La collecte et l'utilisation de l'eau de pluie offrent de réelles économies sur la facture d'eau, mais elles s'accompagnent d'exigences réglementaires strictes. En effet, l'eau de pluie, bien qu'écologique, est considérée comme non potable, ce qui impose des restrictions sur son utilisation. Cet article propose un aperçu des règles à suivre pour tirer le meilleur parti de cette ressource tout en garantissant la sécurité sanitaire.
L’eau de pluie : une ressource à réglementer
La définition de l'eau de pluie se réfère à l'eau collectée après avoir ruisselé sur le toit d'une maison et stockée dans une cuve. Selon le ministère de la Santé, sa qualité pose des risques potentiels de contamination, notamment par des agents pathogènes ou des substances dangereuses. En conséquence, des règles spécifiques sont mises en place pour éviter toute utilisation inadéquate.
Ainsi, l’utilisation de l’eau de pluie est interdite dans les établissements de santé, sociaux, éducatifs et médicaux, ainsi que dans les crèches. De même, toute connexion entre le réseau d'eau de pluie et le réseau d'eau potable est prohibée.
Utilisations autorisées de l’eau de pluie
Pour éviter les risques liés à la consommation, l'eau de pluie ne doit en aucun cas être utilisée pour se nourrir ou cuisiner. Selon l'arrêté du 28 août 2008, l'eau de pluie peut provenir uniquement de chasses d'eau, du lavage de sols ou de linge, dans la mesure où elle a été préalablement traitée pour la désinfection. Il est crucial d'éviter son emploi si elle provient d'un toit contenant de l'amiante ou du plomb.
A l'extérieur, l'eau de pluie peut servir à arroser les jardins ou laver des véhicules, à condition d'avoir installé un système de collecte adéquat. Une fois de plus, cette précaution est essentielle pour éviter tout risque pour les cultures arrosées.
Equipements et entretien : des obligations à respecter
Pour la récupération et l'utilisation de l'eau de pluie, il est impératif d'installer un système de stockage adéquat. Les cuves doivent être équipées de filtres et ne doivent en aucun cas recevoir de produits chimiques. Tout raccordement au réseau d'assainissement collectif doit être signalé à la mairie.
Les installations nécessitent un entretien régulier.

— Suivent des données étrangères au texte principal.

(* Let $X_1,X_2$ be nonnegative real random variables, each with an absolutely continuous distribution function $F_i$ with density $f_i$. Let $0<\lambda_1\le\lambda_2\le1$, and define \[ I:=\sup_{\varphi_1,\varphi_2}\int_0^\infty\big(\varphi_1(t)K_1(t)+\varphi_2(t)K_2(t)\big)\,\mathrm{d}t, \] the supremum over all functions $\varphi_i:\mathbb{R}_+\to[0,\lambda_i]$ ($i=1,2$) such that $\varphi_1+\varphi_2$ is nondecreasing, where $K_1(t)=f_2(t)(H_1(t)-r_1)-G_1(t)G_2(t)$ and $K_2(t)=f_1(t)(H_2(t)-r_2)-G_1(t)G_2(t)$. Then \[ I\le\frac1e\Big(\lambda_2r_1+\lambda_1r_2+\lambda_1(e-1)\min\{r_1,r_2\}\Big). \]
   Context: $G_i(t)=1-F_i(t)=\mathbb{P}[X_i\ge t]$, $H_i(t)=\int_0^tG_i(u)\,\mathrm{d}u$, and $r_i=\textsc{Rev}(X_i)=\sup_{p\ge0}p\,\mathbb{P}[X_i\ge p]$ is the optimal one-good revenue from $X_i$. All functions are Borel measurable. *)

theory Defs
  imports "HOL-Probability.Probability"
begin

definition surv :: "'a measure \<Rightarrow> ('a \<Rightarrow> real) \<Rightarrow> real \<Rightarrow> real" where
  "surv M X t = measure M {\<omega> \<in> space M. X \<omega> \<ge> t}"

definition cumsurv :: "'a measure \<Rightarrow> ('a \<Rightarrow> real) \<Rightarrow> real \<Rightarrow> real" where
  "cumsurv M X t = (LINT u:{0..t}|lborel. surv M X u)"

definition Rev :: "'a measure \<Rightarrow> ('a \<Rightarrow> real) \<Rightarrow> real" where
  "Rev M X = Sup {p * surv M X p | p. p \<ge> 0}"

end

theory Submission
  imports Defs
begin

text \<open>
Write \<open>\<psi> = \<phi>1 + \<phi>2\<close> and \<open>P\<^sub>1 = f\<^sub>2 max 0 (H\<^sub>1 - r\<^sub>1)\<close>, \<open>P\<^sub>2 = f\<^sub>1 max 0 (H\<^sub>2 - r\<^sub>2)\<close>.
Pointwise the integrand is at most
\<open>min \<psi> \<lambda>\<^sub>1 (P\<^sub>1 + P\<^sub>2 - G\<^sub>1 G\<^sub>2) + (min \<psi> \<lambda>\<^sub>2 - min \<psi> \<lambda>\<^sub>1) (P\<^sub>2 - G\<^sub>1 G\<^sub>2)\<close>,
and both weights are nondecreasing with values in \<open>[0, \<lambda>\<^sub>1]\<close> and \<open>[0, \<lambda>\<^sub>2 - \<lambda>\<^sub>1]\<close>.
By the layer cake formula, a nondecreasing weight with values in \<open>[0, L]\<close> integrates \<open>h\<close>
to at most \<open>L\<close> times the largest tail integral \<open>\<integral>\<^sub>a\<^sup>\<infinity> h\<close>. By Tonelli, the tail of \<open>P\<^sub>1\<close>
from \<open>a\<close> is at most \<open>G\<^sub>2(a)\<close> times the integral of \<open>G\<^sub>1\<close> over \<open>[r\<^sub>1, a)\<close> plus the tail of
\<open>G\<^sub>1 G\<^sub>2\<close> from \<open>max a r\<^sub>1\<close>. The bound \<open>G\<^sub>i(t) \<le> r\<^sub>i / t\<close> turns these into logarithmic
expressions in \<open>a\<close>, whose maxima are \<open>(r\<^sub>1 + r\<^sub>2) / e + (1 - 1/e) min r\<^sub>1 r\<^sub>2\<close> for the tails
of \<open>P\<^sub>1 + P\<^sub>2 - G\<^sub>1 G\<^sub>2\<close> and \<open>r\<^sub>1 / e\<close> for those of \<open>P\<^sub>2 - G\<^sub>1 G\<^sub>2\<close>.
\<close>

lemma nn_integral_indicator_eq_set_integral:
  fixes h :: "real \<Rightarrow> real"
  assumes "set_integrable lborel A h" and "\<And>x. x \<in> A \<Longrightarrow> 0 \<le> h x"
  shows "(\<integral>\<^sup>+x. ennreal (h x) * indicator A x \<partial>lborel) = ennreal (LINT x:A|lborel. h x)"
proof -
  have "(\<integral>\<^sup>+x. ennreal (h x) * indicator A x \<partial>lborel)
      = (\<integral>\<^sup>+x. ennreal (indicator A x *\<^sub>R h x) \<partial>lborel)"
    by (intro nn_integral_cong) (auto split: split_indicator)
  also have "\<dots> = ennreal (LINT x:A|lborel. h x)"
    using assms unfolding set_integrable_def set_lebesgue_integral_def
    by (intro nn_integral_eq_integral) (auto split: split_indicator)
  finally show ?thesis .
qed

lemma set_integrableI_nonneg:
  fixes h :: "real \<Rightarrow> real"
  assumes "h \<in> borel_measurable borel" "A \<in> sets borel" "\<And>x. x \<in> A \<Longrightarrow> 0 \<le> h x"
    and "(\<integral>\<^sup>+x. ennreal (h x) * indicator A x \<partial>lborel) < \<infinity>"
  shows "set_integrable lborel A h"
  unfolding set_integrable_def
proof (rule integrableI_bounded)
  have "(\<integral>\<^sup>+x. ennreal (norm (indicator A x *\<^sub>R h x)) \<partial>lborel)
      = (\<integral>\<^sup>+x. ennreal (h x) * indicator A x \<partial>lborel)"
    using assms(3) by (intro nn_integral_cong) (auto split: split_indicator)
  then show "(\<integral>\<^sup>+x. ennreal (norm (indicator A x *\<^sub>R h x)) \<partial>lborel) < \<infinity>"
    using assms(4) by simp
qed (use assms in simp)

lemma set_integrable_unit_bounded:
  fixes h :: "real \<Rightarrow> real"
  assumes "h \<in> borel_measurable borel" "\<And>x. 0 \<le> h x" "\<And>x. h x \<le> 1"
    and "A \<in> sets borel" "emeasure lborel A < \<infinity>"
  shows "set_integrable lborel A h"
proof (rule set_integrableI_nonneg)
  have "(\<integral>\<^sup>+x. ennreal (h x) * indicator A x \<partial>lborel) \<le> (\<integral>\<^sup>+x. indicator A x \<partial>lborel)"
    using assms by (intro nn_integral_mono) (auto split: split_indicator)
  then show "(\<integral>\<^sup>+x. ennreal (h x) * indicator A x \<partial>lborel) < \<infinity>"
    using assms(4,5) by (simp add: le_less_trans)
qed (use assms in auto)

lemma set_integral_upper_set_le:
  fixes h :: "real \<Rightarrow> real" and S :: "real set"
  assumes [measurable]: "h \<in> borel_measurable borel" "S \<in> sets borel" and "S \<subseteq> {0..}"
    and up: "\<And>s t. s \<in> S \<Longrightarrow> s \<le> t \<Longrightarrow> t \<in> S"
    and tail: "\<And>a. 0 \<le> a \<Longrightarrow> (LINT t:{a..}|lborel. h t) \<le> \<beta>" and "0 \<le> \<beta>"
  shows "(LINT t:S|lborel. h t) \<le> \<beta>"
proof (cases "S = {}")
  case True
  then show ?thesis using \<open>0 \<le> \<beta>\<close> by (simp add: set_lebesgue_integral_def)
next
  case False
  have "bdd_below S" using \<open>S \<subseteq> {0..}\<close> by (auto intro: bdd_belowI[of _ 0])
  have above_Inf: "t \<in> S" if "Inf S < t" for t
    using that up cInf_less_iff[OF False \<open>bdd_below S\<close>] by (auto intro: less_imp_le)
  have "AE t in lborel. t \<noteq> Inf S" by (rule AE_lborel_singleton)
  then have "AE t in lborel. t \<in> S \<longleftrightarrow> t \<in> {Inf S..}"
    by eventually_elim (use above_Inf \<open>bdd_below S\<close> in \<open>auto simp: cInf_lower\<close>)
  then have "(LINT t:S|lborel. h t) = (LINT t:{Inf S..}|lborel. h t)"
    by (intro set_integral_cong_set) (auto simp: set_borel_measurable_def)
  also have "\<dots> \<le> \<beta>"
    using False \<open>S \<subseteq> {0..}\<close> by (intro tail cInf_greatest) auto
  finally show ?thesis .
qed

Tous les six mois, les équipements doivent être inspectés pour garantir leur propreté et la présence de signalisation « eau non potable ». Les filtres et les robinets doivent être nettoyés au moins une fois par an, et un carnet d'entretien doit être tenu à jour pour prouver que ces vérifications sont effectuées. En cas de non-conformité, des sanctions peuvent être imposées.
Enfin, les autorités locales peuvent procéder à des vérifications sur site pour garantir que toutes les réglementations sont suivies, protégeant ainsi le réseau d'eau potable des contaminations potentielles.